When a weight of `10 kg` is suspended from a copper wire of length 3 metres and diameters `0.4 mm`, its length increases by `2.4 cm`. If the diameter of the wire is doubled, then the extension in its length will be

To solve the problem, we will use the relationship between stress, strain, and Young's modulus of elasticity.

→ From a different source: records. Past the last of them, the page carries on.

(* Let $n\geq 1$ and $0\leq k\leq n-1$. There is a bijection between the set of Catalan paths $P$ of order $n$ with $\mathrm{valley}(P)=k$ and the set of Catalan paths $Q$ of order $n$ with $\mathrm{enor}(Q)=k$.
   Context: A Catalan path of order $n$ is a word $P=p_1p_2\cdots p_{2n}$ in the steps $\mathbf N=(0,1)$ and $\mathbf E=(1,0)$ with $n$ of each, describing a lattice path from $(0,0)$ to $(n,n)$ that never goes below the line $y=x$. $\mathrm{valley}(P)$ is the number of indices $i$ with $p_i=\mathbf E$ and $p_{i+1}=\mathbf N$. $\mathrm{enor}(P)$ is the number of indices $i\in\{1,\dots,n\}$ with $p_{2i}=\mathbf N$. *)

theory Defs
  imports Main
begin

datatype step = N | E

text \<open>A word in N and E; position i (1-based) is P ! (i - 1).\<close>

definition catalan_path :: "nat \<Rightarrow> step list \<Rightarrow> bool" where
  "catalan_path n P \<longleftrightarrow> length P = 2 * n \<and>
     length (filter (\<lambda>s. s = N) P) = n \<and>
     (\<forall>j \<le> length P. length (filter (\<lambda>s. s = E) (take j P))
                       \<le> length (filter (\<lambda>s. s = N) (take j P)))"

definition catalan_paths :: "nat \<Rightarrow> step list set" where
  "catalan_paths n = {P. catalan_path n P}"

definition valley :: "step list \<Rightarrow> nat" where
  "valley P = card {i. 1 \<le> i \<and> i < length P \<and> P ! (i - 1) = E \<and> P ! i = N}"

definition enor :: "step list \<Rightarrow> nat" where
  "enor P = card {i. 1 \<le> i \<and> i \<le> length P div 2 \<and> P ! (2 * i - 1) = N}"

end

theory Submission
  imports Defs
begin

text \<open>
  Catalan paths of order \<open>n\<close> are exactly the words \<open>w(t)\<close> of binary trees \<open>t\<close> with \<open>n\<close>
  nodes, where \<open>w(Node l r) = N w(l) E w(r)\<close>. The valleys of \<open>w(Node l r)\<close> are those of
  \<open>w(l)\<close> and \<open>w(r)\<close>, plus one if \<open>r\<close> is not a leaf. Since subtree words have even length,
  \<open>w(l)\<close> is shifted by one and \<open>w(r)\<close> by an even amount, so the \<open>N\<close>s at even positions of
  \<open>w(Node l r)\<close> are the \<open>N\<close>s at odd positions of \<open>w(l)\<close> together with those at even
  positions of \<open>w(r)\<close>. Exchanging the two subtrees at every node whose word sits at an even
  shift makes these two recursions match, and gives a size-preserving bijection on trees that
  carries valleys to \<open>N\<close>s at even positions.
\<close>

datatype tree = Leaf | Node tree tree

fun dyck_word :: "tree \<Rightarrow> step list" where
  "dyck_word Leaf = []"
| "dyck_word (Node l r) = N # dyck_word l @ E # dyck_word r"

lemma length_dyck_word: "length (dyck_word t) = 2 * size t"
  by (induction t) auto

lemma dyck_word_eq_Nil_iff: "dyck_word t = [] \<longleftrightarrow> t = Leaf"
  by (cases t) auto

lemma hd_dyck_word: "t \<noteq> Leaf \<Longrightarrow> hd (dyck_word t) = N"
  by (cases t) auto

fun balanced :: "nat \<Rightarrow> step list \<Rightarrow> bool" where
  "balanced h [] \<longleftrightarrow> h = 0"
| "balanced h (N # P) \<longleftrightarrow> balanced (Suc h) P"
| "balanced h (E # P) \<longleftrightarrow> 0 < h \<and> balanced (h - 1) P"

abbreviation num_N :: "step list \<Rightarrow> nat" where
  "num_N P \<equiv> length (filter (\<lambda>s. s = N) P)"

abbreviation num_E :: "step list \<Rightarrow> nat" where
  "num_E P \<equiv> length (filter (\<lambda>s. s = E) P)"

lemma all_le_Suc_iff: "(\<forall>j \<le> Suc m. Q j) \<longleftrightarrow> Q 0 \<and> (\<forall>j \<le> m. Q (Suc j))"
  by (metis Suc_le_mono not0_implies_Suc zero_le)

lemma balanced_iff:
  "balanced h P \<longleftrightarrow>
     (\<forall>j \<le> length P. num_E (take j P) \<le> h + num_N (take j P)) \<and> num_E P = h + num_N P"
proof (induction P arbitrary: h)
  case (Cons x P)
  show ?case
  proof (cases x)
    case N
    with Cons.IH[of "Suc h"] show ?thesis
      by (simp only: length_Cons all_le_Suc_iff) auto
  next
    case E
    show ?thesis
    proof (cases h)
      case 0
      with E show ?thesis by (simp only: length_Cons all_le_Suc_iff) auto
    next
      case (Suc h')
      with E Cons.IH[of h'] show ?thesis by (simp only: length_Cons all_le_Suc_iff) auto
    qed
  qed
qed simp

lemma catalan_path_iff_balanced: "catalan_path n P \<longleftrightarrow> length P = 2 * n \<and> balanced 0 P"
proof -
  have length_eq: "length P = num_N P + num_E P"
  proof (induction P)
    case (Cons x P)
    then show ?case by (cases x) auto
  qed simp
  have "catalan_path n P \<Longrightarrow> num_E P \<le> num_N P"
    unfolding catalan_path_def by (metis order_refl take_all)
  with length_eq show ?thesis
    unfolding catalan_path_def balanced_iff by auto
qed

lemma balanced_dyck_word_append: "balanced h (dyck_word t @ P) \<longleftrightarrow> balanced h P"
  by (induction t arbitrary: h P) auto

lemma balanced_dyck_prefix:
  assumes "balanced h P"
  shows "\<exists>t rest. P = dyck_word t @ rest \<and> balanced h rest \<and> (rest = [] \<or> hd rest = E)"
  using assms
proof (induction "length P" arbitrary: P h rule: less_induct)
  case less
  show ?case
  proof (cases P)
    case (Cons x xs)
    show ?thesis
    proof (cases x)
      case N
      with less.prems Cons have "balanced (Suc h) xs" by simp
      moreover have "length xs < length P" using Cons by simp
      ultimately obtain t1 rest1 where
        "xs = dyck_word t1 @ rest1" "balanced (Suc h) rest1" "rest1 = [] \<or> hd rest1 = E"
        using less.hyps by blast
      then obtain rest1' where xs: "xs = dyck_word t1 @ E # rest1'" and "balanced h rest1'"
        by (cases rest1) auto
      moreover have "length rest1' < length P" using xs Cons by simp
      ultimately obtain t2 rest2 where
        "rest1' = dyck_word t2 @ rest2" "balanced h rest2" "rest2 = [] \<or> hd rest2 = E"
        using less.hyps by blast
      with xs Cons N show ?thesis
        by (intro exI[of _ "Node t1 t2"] exI[of _ rest2]) simp
    qed (use less.prems Cons in \<open>auto intro: exI[of _ Leaf]\<close>)
  qed (use less.prems in \<open>auto intro: exI[of _ Leaf]\<close>)
qed

lemma balanced_0_imp_dyck_word: "balanced 0 P \<Longrightarrow> \<exists>t. P = dyck_word t"
proof -
  assume "balanced 0 P"
  then obtain t rest where "P = dyck_word t @ rest" "balanced 0 rest" "rest = [] \<or> hd rest = E"
    using balanced_dyck_prefix by blast
  then show ?thesis by (cases rest) auto
qed

lemma dyck_word_append_eq:
  assumes "dyck_word s @ P = dyck_word t @ Q"
    and "P = [] \<or> hd P = E" and "Q = [] \<or> hd Q = E"
  shows "s = t \<and> P = Q"
  using assms
proof (induction s arbitrary: t P Q)
  case Leaf
  show ?case
  proof (cases t)
    case (Node l r)
    with Leaf.prems(1) have "P = N # dyck_word l @ E # dyck_word r @ Q" by simp
    with Leaf.prems(2) show ?thesis by simp
  qed (use Leaf.prems in simp)
next
  case (Node l1 r1)
  have "t \<noteq> Leaf"
  proof
    assume "t = Leaf"
    with Node.prems(1) have "Q = N # dyck_word l1 @ E # dyck_word r1 @ P" by simp
    with Node.prems(3) show False by simp
  qed
  then obtain l2 r2 where t: "t = Node l2 r2" by (cases t) auto
  with Node.prems(1)
  have "dyck_word l1 @ E # (dyck_word r1 @ P) = dyck_word l2 @ E # (dyck_word r2 @ Q)"
    by simp
  from Node.IH(1)[OF this] have "l1 = l2" and "dyck_word r1 @ P = dyck_word r2 @ Q"
    by simp_all
  with Node.IH(2)[OF this(2) Node.prems(2,3)] t show ?case by simp
qed

lemma inj_dyck_word: "inj dyck_word"
  by (rule injI) (use dyck_word_append_eq[where P = "[]" and Q = "[]"] in auto)

lemma bij_betw_dyck_word: "bij_betw dyck_word {t. size t = n} (catalan_paths n)"
proof -
  have "dyck_word t \<in> catalan_paths (size t)" for t
    using balanced_dyck_word_append[of 0 t "[]"]
    by (simp add: catalan_paths_def catalan_path_iff_balanced length_dyck_word)
  moreover have "P \<in> dyck_word ` {t. size t = n}" if "P \<in> catalan_paths n" for P
    using that balanced_0_imp_dyck_word length_dyck_word
    by (fastforce simp: catalan_paths_def catalan_path_iff_balanced)
  ultimately show ?thesis
    by (auto simp: bij_betw_def inj_on_def inj_dyck_word[THEN injD])
qed

lemma bij_betw_dyck_word_Collect:
  "bij_betw dyck_word {t. size t = n \<and> q (dyck_word t)} {P \<in> catalan_paths n. q P}"
proof -
  have "{P \<in> catalan_paths n. q P} = dyck_word ` {t. size t = n \<and> q (dyck_word t)}"
    unfolding bij_betw_imp_surj_on[OF bij_betw_dyck_word, symmetric] by auto
  then show ?thesis
    by (intro bij_betw_subset[OF bij_betw_dyck_word[of n]]) auto
qed

lemma card_Collect_nat_shift:
  fixes Q :: "nat \<Rightarrow> bool"
  assumes "finite {i. Q i}"
  shows "card {i. Q i} = (if Q 0 then 1 else 0) + card {i. Q (Suc i)}"
proof -
  have "{i. Q i} = (if Q 0 then {0} else {}) \<union> Suc ` {i. Q (Suc i)}"
    by (auto simp: image_iff split: if_splits) (metis old.nat.exhaust)+
  moreover have "finite {i. Q (Suc i)}"
    using finite_vimageI[OF assms inj_Suc] by (simp add: vimage_def)
  ultimately show ?thesis by (simp add: card_image)
qed

lemma valley_Nil: "valley [] = 0"
  by (simp add: valley_def)

lemma valley_Cons:
  "valley (x # P) = (if x = E \<and> P \<noteq> [] \<and> hd P = N then 1 else 0) + valley P"
proof -
  have "valley (x # P) = card {i. i < length P \<and> (x # P) ! i = E \<and> P ! i = N}"
    unfolding valley_def by (subst card_Collect_nat_shift) auto
  also have "\<dots> = (if x = E \<and> P \<noteq> [] \<and> hd P = N then 1 else 0)
                  + card {i. Suc i < length P \<and> P ! i = E \<and> P ! Suc i = N}"
    by (subst card_Collect_nat_shift) (auto simp: hd_conv_nth)
  also have "card {i. Suc i < length P \<and> P ! i = E \<and> P ! Suc i = N} = valley P"
    unfolding valley_def by (subst (2) card_Collect_nat_shift) auto
  finally show ?thesis .
qed

lemma valley_append:
  "valley (P @ Q) =
     valley P + valley Q + (if P \<noteq> [] \<and> Q \<noteq> [] \<and> last P = E \<and> hd Q = N then 1 else 0)"
  by (induction P) (auto simp: valley_Nil valley_Cons)

fun even_pos_N :: "step list \<Rightarrow> nat" and odd_pos_N :: "step list \<Rightarrow> nat" where
  "even_pos_N [] = 0"
| "even_pos_N (x # P) = odd_pos_N P"
| "odd_pos_N [] = 0"
| "odd_pos_N (x # P) = (if x = N then 1 else 0) + even_pos_N P"

lemma pos_N_append:
  "even_pos_N (P @ Q) = even_pos_N P + (if even (length P) then even_pos_N Q else odd_pos_N Q) \<and>
   odd_pos_N (P @ Q) = odd_pos_N P + (if even (length P) then odd_pos_N Q else even_pos_N Q)"
  by (induction P) auto

lemma enor_Cons_Cons: "enor (x # y # P) = (if y = N then 1 else 0) + enor P"
proof -
  have "enor (x # y # P) = card {i. i \<le> length P div 2 \<and> (y # P) ! (2 * i) = N}"
    unfolding enor_def by (subst card_Collect_nat_shift) auto
  also have "\<dots> = (if y = N then 1 else 0)
                  + card {i. Suc i \<le> length P div 2 \<and> P ! Suc (2 * i) = N}"
    by (subst card_Collect_nat_shift) auto
  also have "card {i. Suc i \<le> length P div 2 \<and> P ! Suc (2 * i) = N} = enor P"
    unfolding enor_def by (subst (2) card_Collect_nat_shift) auto
  finally show ?thesis .
qed

lemma enor_eq_even_pos_N: "enor P = even_pos_N P"
  by (induction P rule: induct_list012)
     (auto simp: enor_Cons_Cons enor_def[of "[]"] enor_def[of "[_]"])

lemma valley_dyck_word_Node:
  "valley (dyck_word (Node l r)) =
     valley (dyck_word l) + valley (dyck_word r) + (if r = Leaf then 0 else 1)"
  by (simp add: valley_Cons valley_append dyck_word_eq_Nil_iff hd_dyck_word)

lemma pos_N_dyck_word_Node:
  "even_pos_N (dyck_word (Node l r)) = odd_pos_N (dyck_word l) + even_pos_N (dyck_word r)"
  "odd_pos_N (dyck_word (Node l r)) = 1 + even_pos_N (dyck_word l) + odd_pos_N (dyck_word r)"
  by (simp_all add: pos_N_append length_dyck_word)

text \<open>
  The flag \<open>b\<close> of \<open>twist b t\<close> records whether the word of the subtree \<open>t\<close> sits at an even
  shift in the whole path; exactly there the two children are exchanged.
\<close>

fun twist :: "bool \<Rightarrow> tree \<Rightarrow> tree" where
  "twist b Leaf = Leaf"
| "twist True (Node l r) = Node (twist False r) (twist True l)"
| "twist False (Node l r) = Node (twist True l) (twist False r)"

fun untwist :: "bool \<Rightarrow> tree \<Rightarrow> tree" where
  "untwist b Leaf = Leaf"
| "untwist True (Node l r) = Node (untwist True r) (untwist False l)"
| "untwist False (Node l r) = Node (untwist True l) (untwist False r)"

lemma untwist_twist: "untwist b (twist b t) = t"
  by (induction b t rule: twist.induct) auto

lemma twist_untwist: "twist b (untwist b t) = t"
  by (induction b t rule: untwist.induct) auto

lemma size_twist: "size (twist b t) = size t"
  by (induction b t rule: twist.induct) auto

lemma pos_N_twist:
  "even_pos_N (dyck_word (twist True t)) = valley (dyck_word t) \<and>
   odd_pos_N (dyck_word (twist False t)) = valley (dyck_word t) + (if t = Leaf then 0 else 1)"
  by (induction t) (auto simp: pos_N_dyck_word_Node valley_dyck_word_Node valley_Nil
                          simp del: dyck_word.simps(2))

lemma bij_betw_twist:
  "bij_betw (twist True) {t. size t = n \<and> valley (dyck_word t) = k}
                         {t. size t = n \<and> enor (dyck_word t) = k}"
proof -
  have size_untwist: "size (untwist True t) = size t" for t
    using size_twist[of True "untwist True t"] by (simp add: twist_untwist)
  have valley_untwist: "valley (dyck_word (untwist True t)) = even_pos_N (dyck_word t)" for t
    using pos_N_twist[of "untwist True t"] by (simp add: twist_untwist)
  show ?thesis
    by (rule bij_betw_byWitness[where f' = "untwist True"])
       (simp_all add: image_subset_iff untwist_twist twist_untwist size_twist size_untwist
                      valley_untwist enor_eq_even_pos_N pos_N_twist)
qed

theorem lemma4p2:
  fixes n k :: nat
  assumes "n \<ge> 1" and "k \<le> n - 1"
  shows "\<exists>f. bij_betw f {P \<in> catalan_paths n. valley P = k}
                        {Q \<in> catalan_paths n. enor Q = k}"
proof -
  let ?valley_trees = "{t. size t = n \<and> valley (dyck_word t) = k}"
  have "bij_betw (inv_into ?valley_trees dyck_word)
          {P \<in> catalan_paths n. valley P = k} ?valley_trees"
    by (rule bij_betw_inv_into) (rule bij_betw_dyck_word_Collect)
  moreover note bij_betw_twist[of n k]
  moreover have "bij_betw dyck_word {t. size t = n \<and> enor (dyck_word t) = k}
                                    {Q \<in> catalan_paths n. enor Q = k}"
    by (rule bij_betw_dyck_word_Collect)
  ultimately show ?thesis
    by (meson bij_betw_trans)
qed

end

We will derive the extension in length when the diameter of the wire is doubled. ### Step-by-Step Solution: 1. **Identify Given Data:** - Weight (Force, F) = 10 kg - Length of wire (L) = 3 m = 300 cm - Initial diameter (D1) = 0.4 mm = 0.04 cm - Initial extension (ΔL1) = 2.4 cm 2. **Convert Weight to Force:** - The weight of 10 kg can be converted to force using \( F = mg \), where \( g \approx 9.81 \, \text{m/s}^2 \). - Thus, \( F = 10 \, \text{kg} \times 9.81 \, \text{m/s}^2 = 98.1 \, \text{N} \). 3. **Calculate the Area of the Wire:** - The area \( A \) of the wire can be calculated using the formula for the area of a circle: \[ A = \frac{\pi D^2}{4} \] - For the initial diameter \( D1 = 0.4 \, \text{mm} = 0.0004 \, \text{m} \): \[ A1 = \frac{\pi (0.0004)^2}{4} \approx 5.0265 \times 10^{-8} \, \text{m}^2 \] 4. **Use Young's Modulus Relation:** - Young's modulus \( Y \) is defined as: \[ Y = \frac{\text{Stress}}{\text{Strain}} = \frac{F/A}{\Delta L/L} \] - Rearranging gives: \[ \Delta L = \frac{F \cdot L}{Y \cdot A} \] 5. **Relate the Extension with Diameter:** - When the diameter is doubled, the new diameter \( D2 = 2D1 = 0.8 \, \text{mm} = 0.0008 \, \text{m} \). - The new area \( A2 \) becomes: \[ A2 = \frac{\pi (0.0008)^2}{4} = \frac{\pi (0.0004)^2 \cdot 4}{4} = 4A1 \] 6. **Calculate the New Extension:** - Since the force and the original length remain the same, we can express the new extension \( \Delta L2 \) as: \[ \Delta L2 = \frac{F \cdot L}{Y \cdot A2} = \frac{F \cdot L}{Y \cdot 4A1} = \frac{\Delta L1}{4} \] - Given \( \Delta L1 = 2.4 \, \text{cm} \): \[ \Delta L2 = \frac{2.4 \, \text{cm}}{4} = 0.6 \, \text{cm} \] ### Final Answer: The extension in the length of the wire when its diameter is doubled is **0.6 cm**.